## Directions
Nothing is needed except the lines below that run from the one with "number of tasks is" through the one with "a) b \<partial>measure_pmf", repeated exactly.

(Stored data)
-*-*-

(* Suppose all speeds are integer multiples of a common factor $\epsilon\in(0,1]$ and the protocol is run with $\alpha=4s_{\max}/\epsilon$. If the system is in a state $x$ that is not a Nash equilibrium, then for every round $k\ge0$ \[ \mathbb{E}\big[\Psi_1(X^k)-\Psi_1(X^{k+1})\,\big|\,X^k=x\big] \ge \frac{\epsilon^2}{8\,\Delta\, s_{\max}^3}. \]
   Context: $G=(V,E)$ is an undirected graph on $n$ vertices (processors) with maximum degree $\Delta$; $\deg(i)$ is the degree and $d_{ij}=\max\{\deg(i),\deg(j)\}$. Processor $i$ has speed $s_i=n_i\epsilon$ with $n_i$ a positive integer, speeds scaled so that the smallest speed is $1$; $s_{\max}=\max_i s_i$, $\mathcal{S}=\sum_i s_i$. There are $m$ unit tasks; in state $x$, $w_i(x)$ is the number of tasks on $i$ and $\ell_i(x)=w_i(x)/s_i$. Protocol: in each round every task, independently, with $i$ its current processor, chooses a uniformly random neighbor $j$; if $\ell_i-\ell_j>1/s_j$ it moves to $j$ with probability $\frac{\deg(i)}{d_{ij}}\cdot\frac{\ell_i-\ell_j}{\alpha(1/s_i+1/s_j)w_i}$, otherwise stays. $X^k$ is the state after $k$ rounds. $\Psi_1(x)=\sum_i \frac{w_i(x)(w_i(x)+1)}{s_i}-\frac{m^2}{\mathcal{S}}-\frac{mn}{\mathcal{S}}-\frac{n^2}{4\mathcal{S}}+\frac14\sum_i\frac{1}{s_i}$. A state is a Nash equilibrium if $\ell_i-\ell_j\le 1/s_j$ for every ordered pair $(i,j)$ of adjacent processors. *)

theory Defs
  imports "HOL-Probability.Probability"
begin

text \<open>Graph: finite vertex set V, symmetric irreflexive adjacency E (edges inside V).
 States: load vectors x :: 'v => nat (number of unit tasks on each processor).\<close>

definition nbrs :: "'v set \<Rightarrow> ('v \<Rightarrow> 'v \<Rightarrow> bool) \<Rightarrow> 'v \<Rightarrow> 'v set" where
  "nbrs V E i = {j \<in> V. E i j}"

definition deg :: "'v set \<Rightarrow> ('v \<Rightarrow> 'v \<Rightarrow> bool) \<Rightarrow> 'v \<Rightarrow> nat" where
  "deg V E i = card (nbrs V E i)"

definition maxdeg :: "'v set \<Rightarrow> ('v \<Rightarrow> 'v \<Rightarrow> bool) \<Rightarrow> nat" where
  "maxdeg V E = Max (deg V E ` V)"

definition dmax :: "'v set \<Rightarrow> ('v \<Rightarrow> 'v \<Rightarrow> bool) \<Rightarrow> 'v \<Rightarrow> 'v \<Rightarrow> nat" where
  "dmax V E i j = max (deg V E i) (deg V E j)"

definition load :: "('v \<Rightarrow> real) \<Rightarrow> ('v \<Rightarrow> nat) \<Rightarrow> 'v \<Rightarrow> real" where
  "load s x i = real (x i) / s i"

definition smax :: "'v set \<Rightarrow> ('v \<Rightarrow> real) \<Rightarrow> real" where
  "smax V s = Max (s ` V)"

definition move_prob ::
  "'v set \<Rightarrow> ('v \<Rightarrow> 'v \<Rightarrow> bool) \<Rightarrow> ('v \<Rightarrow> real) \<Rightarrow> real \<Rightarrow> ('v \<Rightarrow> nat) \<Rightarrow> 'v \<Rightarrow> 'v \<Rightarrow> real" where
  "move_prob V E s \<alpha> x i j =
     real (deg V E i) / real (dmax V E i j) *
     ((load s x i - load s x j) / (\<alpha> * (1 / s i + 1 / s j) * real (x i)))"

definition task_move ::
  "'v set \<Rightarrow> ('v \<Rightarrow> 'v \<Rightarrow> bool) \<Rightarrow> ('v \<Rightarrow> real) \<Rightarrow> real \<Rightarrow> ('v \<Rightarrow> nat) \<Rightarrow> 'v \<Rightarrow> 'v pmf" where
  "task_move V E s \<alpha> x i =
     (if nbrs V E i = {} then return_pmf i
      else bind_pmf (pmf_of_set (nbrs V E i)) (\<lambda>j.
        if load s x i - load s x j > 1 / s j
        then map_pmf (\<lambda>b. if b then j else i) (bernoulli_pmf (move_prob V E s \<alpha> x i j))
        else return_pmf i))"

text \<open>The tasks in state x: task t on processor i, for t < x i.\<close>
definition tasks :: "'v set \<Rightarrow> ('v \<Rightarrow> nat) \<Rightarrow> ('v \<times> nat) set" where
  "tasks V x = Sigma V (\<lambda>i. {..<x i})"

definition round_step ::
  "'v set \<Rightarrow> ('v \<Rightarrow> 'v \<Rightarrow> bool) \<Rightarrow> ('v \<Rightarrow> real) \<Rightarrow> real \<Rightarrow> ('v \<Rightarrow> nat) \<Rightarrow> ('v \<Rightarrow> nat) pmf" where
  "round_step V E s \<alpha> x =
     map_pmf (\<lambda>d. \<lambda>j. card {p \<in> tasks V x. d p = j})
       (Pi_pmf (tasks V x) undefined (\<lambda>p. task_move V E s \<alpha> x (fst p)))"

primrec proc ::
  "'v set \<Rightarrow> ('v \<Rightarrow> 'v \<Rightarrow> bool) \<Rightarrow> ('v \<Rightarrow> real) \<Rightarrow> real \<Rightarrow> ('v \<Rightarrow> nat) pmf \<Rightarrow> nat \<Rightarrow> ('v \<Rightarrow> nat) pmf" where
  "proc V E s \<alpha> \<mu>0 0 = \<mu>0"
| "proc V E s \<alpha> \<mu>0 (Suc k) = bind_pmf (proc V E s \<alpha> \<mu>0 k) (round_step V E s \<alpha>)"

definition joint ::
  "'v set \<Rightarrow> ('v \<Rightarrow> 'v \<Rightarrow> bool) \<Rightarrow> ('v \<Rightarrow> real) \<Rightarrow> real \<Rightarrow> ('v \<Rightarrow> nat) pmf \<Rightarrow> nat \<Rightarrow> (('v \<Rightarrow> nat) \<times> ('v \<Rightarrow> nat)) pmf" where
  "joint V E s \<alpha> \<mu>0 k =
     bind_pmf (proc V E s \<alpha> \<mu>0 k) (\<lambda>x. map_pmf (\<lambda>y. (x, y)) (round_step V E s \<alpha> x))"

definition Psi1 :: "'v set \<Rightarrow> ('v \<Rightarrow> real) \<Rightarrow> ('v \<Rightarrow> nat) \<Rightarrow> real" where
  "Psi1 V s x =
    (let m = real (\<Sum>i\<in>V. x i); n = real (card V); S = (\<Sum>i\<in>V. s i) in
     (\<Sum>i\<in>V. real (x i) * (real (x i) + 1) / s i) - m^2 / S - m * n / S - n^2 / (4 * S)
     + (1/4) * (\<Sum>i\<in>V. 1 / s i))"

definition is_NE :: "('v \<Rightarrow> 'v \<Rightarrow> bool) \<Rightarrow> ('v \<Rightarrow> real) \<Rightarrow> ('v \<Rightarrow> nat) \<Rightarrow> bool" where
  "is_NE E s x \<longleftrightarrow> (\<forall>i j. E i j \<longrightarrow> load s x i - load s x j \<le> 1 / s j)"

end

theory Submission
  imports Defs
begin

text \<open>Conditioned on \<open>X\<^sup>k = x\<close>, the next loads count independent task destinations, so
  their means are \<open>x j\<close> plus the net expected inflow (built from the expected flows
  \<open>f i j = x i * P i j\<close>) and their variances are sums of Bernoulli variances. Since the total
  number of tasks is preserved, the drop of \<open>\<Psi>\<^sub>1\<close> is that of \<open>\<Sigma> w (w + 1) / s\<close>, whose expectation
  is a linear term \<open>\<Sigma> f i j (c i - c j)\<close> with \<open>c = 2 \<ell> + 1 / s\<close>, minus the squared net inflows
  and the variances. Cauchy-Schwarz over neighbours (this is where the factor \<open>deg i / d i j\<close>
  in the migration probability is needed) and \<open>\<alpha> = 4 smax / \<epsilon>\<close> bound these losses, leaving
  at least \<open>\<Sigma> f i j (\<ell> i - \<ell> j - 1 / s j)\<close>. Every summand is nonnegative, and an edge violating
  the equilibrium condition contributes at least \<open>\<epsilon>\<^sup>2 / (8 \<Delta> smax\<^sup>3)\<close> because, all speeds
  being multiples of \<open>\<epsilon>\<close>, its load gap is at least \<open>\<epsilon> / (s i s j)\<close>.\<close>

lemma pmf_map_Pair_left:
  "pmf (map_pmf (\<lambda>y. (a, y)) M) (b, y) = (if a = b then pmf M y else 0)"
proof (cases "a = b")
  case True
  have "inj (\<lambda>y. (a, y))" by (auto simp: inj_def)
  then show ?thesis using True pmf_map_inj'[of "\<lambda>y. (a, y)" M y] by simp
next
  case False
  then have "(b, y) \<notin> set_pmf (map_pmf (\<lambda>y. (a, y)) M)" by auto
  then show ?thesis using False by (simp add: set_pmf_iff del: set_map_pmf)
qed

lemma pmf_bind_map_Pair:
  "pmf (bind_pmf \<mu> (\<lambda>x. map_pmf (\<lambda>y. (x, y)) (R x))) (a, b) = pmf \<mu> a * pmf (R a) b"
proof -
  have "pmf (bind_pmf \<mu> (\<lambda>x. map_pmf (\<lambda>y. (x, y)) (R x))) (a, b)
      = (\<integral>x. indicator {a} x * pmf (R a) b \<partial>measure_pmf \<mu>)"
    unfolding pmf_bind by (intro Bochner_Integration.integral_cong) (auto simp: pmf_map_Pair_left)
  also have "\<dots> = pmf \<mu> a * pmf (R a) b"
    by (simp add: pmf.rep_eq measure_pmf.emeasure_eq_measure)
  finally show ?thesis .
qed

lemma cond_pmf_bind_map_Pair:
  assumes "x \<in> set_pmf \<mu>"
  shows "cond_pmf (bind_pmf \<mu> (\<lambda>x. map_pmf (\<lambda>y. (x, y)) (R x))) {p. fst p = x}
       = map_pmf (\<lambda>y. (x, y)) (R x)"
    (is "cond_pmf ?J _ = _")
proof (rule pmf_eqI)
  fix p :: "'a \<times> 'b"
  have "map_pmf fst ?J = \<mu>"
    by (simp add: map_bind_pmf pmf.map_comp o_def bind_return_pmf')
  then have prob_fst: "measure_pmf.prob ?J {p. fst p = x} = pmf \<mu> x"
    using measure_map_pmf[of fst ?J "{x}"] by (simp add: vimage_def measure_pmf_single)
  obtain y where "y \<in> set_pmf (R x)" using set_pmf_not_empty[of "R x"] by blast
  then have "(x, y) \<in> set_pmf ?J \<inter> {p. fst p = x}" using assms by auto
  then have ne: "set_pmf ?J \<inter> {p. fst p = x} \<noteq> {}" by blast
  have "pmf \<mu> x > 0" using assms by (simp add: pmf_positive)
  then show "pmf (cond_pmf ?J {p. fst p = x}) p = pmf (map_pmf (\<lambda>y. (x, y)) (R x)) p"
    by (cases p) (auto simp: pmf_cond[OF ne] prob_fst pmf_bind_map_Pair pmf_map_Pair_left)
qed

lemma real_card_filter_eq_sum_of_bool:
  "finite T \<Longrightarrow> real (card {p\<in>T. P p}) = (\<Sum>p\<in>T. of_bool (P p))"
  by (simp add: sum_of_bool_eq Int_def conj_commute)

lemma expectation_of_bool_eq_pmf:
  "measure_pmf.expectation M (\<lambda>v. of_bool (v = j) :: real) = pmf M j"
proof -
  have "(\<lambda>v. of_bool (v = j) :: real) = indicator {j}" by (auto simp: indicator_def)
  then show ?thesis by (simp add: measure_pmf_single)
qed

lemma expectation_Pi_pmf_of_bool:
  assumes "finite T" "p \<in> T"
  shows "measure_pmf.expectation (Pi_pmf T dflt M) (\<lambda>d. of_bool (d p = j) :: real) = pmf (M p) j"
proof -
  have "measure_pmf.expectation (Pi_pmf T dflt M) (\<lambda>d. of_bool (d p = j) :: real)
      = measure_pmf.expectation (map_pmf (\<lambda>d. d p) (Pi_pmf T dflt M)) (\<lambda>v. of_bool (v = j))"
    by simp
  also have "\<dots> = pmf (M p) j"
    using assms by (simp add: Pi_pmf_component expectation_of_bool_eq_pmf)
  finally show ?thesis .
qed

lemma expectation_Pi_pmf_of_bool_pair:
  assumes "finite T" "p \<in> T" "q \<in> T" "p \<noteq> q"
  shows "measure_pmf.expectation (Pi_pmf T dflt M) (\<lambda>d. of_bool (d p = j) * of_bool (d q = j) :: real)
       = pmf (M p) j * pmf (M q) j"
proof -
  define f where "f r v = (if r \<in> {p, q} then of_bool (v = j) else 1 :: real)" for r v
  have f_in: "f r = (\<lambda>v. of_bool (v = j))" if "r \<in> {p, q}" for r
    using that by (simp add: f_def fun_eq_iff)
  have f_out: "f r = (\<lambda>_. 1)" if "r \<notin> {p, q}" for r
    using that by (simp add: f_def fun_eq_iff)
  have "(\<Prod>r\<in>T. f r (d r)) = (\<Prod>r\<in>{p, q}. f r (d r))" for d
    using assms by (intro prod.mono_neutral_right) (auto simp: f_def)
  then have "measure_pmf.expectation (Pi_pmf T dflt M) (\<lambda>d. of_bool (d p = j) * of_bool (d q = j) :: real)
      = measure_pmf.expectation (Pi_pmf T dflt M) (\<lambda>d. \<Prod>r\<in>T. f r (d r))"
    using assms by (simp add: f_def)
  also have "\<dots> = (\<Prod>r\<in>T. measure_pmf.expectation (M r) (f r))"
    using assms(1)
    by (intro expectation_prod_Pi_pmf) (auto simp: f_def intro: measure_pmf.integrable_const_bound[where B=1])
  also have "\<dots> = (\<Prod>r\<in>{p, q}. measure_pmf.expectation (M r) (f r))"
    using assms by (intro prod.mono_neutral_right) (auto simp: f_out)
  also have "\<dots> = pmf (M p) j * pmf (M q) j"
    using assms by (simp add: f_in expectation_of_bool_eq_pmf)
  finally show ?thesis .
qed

-*-*-

## Expected answer
  number of tasks is preserved, the drop of \<open>\<Psi>\<^sub>1\<close> is that of \<open>\<Sigma> w (w + 1) / s\<close>, whose expectation
  is a linear term \<open>\<Sigma> f i j (c i - c j)\<close> with \<open>c = 2 \<ell> + 1 / s\<close>, minus the squared net inflows
  and the variances. Cauchy-Schwarz over neighbours (this is where the factor \<open>deg i / d i j\<close>
  in the migration probability is needed) and \<open>\<alpha> = 4 smax / \<epsilon>\<close> bound these losses, leaving
  at least \<open>\<Sigma> f i j (\<ell> i - \<ell> j - 1 / s j)\<close>. Every summand is nonnegative, and an edge violating
  the equilibrium condition contributes at least \<open>\<epsilon>\<^sup>2 / (8 \<Delta> smax\<^sup>3)\<close> because, all speeds
  being multiples of \<open>\<epsilon>\<close>, its load gap is at least \<open>\<epsilon> / (s i s j)\<close>.\<close>

lemma pmf_map_Pair_left:
  "pmf (map_pmf (\<lambda>y. (a, y)) M) (b, y) = (if a = b then pmf M y else 0)"
proof (cases "a = b")
  case True
  have "inj (\<lambda>y. (a, y))" by (auto simp: inj_def)
  then show ?thesis using True pmf_map_inj'[of "\<lambda>y. (a, y)" M y] by simp
next
  case False
  then have "(b, y) \<notin> set_pmf (map_pmf (\<lambda>y. (a, y)) M)" by auto
  then show ?thesis using False by (simp add: set_pmf_iff del: set_map_pmf)
qed

lemma pmf_bind_map_Pair:
  "pmf (bind_pmf \<mu> (\<lambda>x. map_pmf (\<lambda>y. (x, y)) (R x))) (a, b) = pmf \<mu> a * pmf (R a) b"
proof -
  have "pmf (bind_pmf \<mu> (\<lambda>x. map_pmf (\<lambda>y. (x, y)) (R x))) (a, b)
      = (\<integral>x. indicator {a} x * pmf (R a) b \<partial>measure_pmf \<mu>)"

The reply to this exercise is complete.